# Work instructions
With "cases" as the search word, show every line of the material that has it.

# Provided material
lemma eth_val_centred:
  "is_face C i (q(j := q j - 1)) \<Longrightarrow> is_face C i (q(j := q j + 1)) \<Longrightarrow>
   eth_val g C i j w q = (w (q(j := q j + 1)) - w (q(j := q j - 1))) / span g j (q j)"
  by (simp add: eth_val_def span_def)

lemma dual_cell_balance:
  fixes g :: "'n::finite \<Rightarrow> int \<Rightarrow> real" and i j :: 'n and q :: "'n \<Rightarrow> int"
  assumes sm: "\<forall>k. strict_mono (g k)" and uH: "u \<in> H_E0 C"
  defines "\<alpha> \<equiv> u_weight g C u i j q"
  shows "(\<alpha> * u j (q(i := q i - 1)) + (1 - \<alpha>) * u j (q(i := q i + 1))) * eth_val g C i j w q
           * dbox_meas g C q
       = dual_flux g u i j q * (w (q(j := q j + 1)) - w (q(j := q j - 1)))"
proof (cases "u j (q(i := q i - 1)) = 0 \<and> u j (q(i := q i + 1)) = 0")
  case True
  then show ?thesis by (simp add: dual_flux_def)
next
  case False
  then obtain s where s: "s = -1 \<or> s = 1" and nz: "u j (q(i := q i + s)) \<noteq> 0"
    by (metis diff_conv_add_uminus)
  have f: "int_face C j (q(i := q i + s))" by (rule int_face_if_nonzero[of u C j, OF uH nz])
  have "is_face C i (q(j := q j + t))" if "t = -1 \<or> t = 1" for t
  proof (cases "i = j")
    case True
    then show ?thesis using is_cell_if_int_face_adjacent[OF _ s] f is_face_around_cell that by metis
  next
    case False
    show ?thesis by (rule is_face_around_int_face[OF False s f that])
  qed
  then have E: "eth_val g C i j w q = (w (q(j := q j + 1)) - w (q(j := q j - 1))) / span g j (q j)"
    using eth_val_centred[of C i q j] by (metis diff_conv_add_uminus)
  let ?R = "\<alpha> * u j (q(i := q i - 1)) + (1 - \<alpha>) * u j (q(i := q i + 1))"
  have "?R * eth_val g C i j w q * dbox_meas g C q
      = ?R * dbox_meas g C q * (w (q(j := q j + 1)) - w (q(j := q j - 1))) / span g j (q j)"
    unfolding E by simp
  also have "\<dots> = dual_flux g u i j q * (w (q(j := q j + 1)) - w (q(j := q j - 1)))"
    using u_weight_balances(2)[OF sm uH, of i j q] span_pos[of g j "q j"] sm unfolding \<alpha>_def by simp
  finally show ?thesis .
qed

# Task solution
proof (cases "u j (q(i := q i - 1)) = 0 \<and> u j (q(i := q i + 1)) = 0")
  proof (cases "i = j")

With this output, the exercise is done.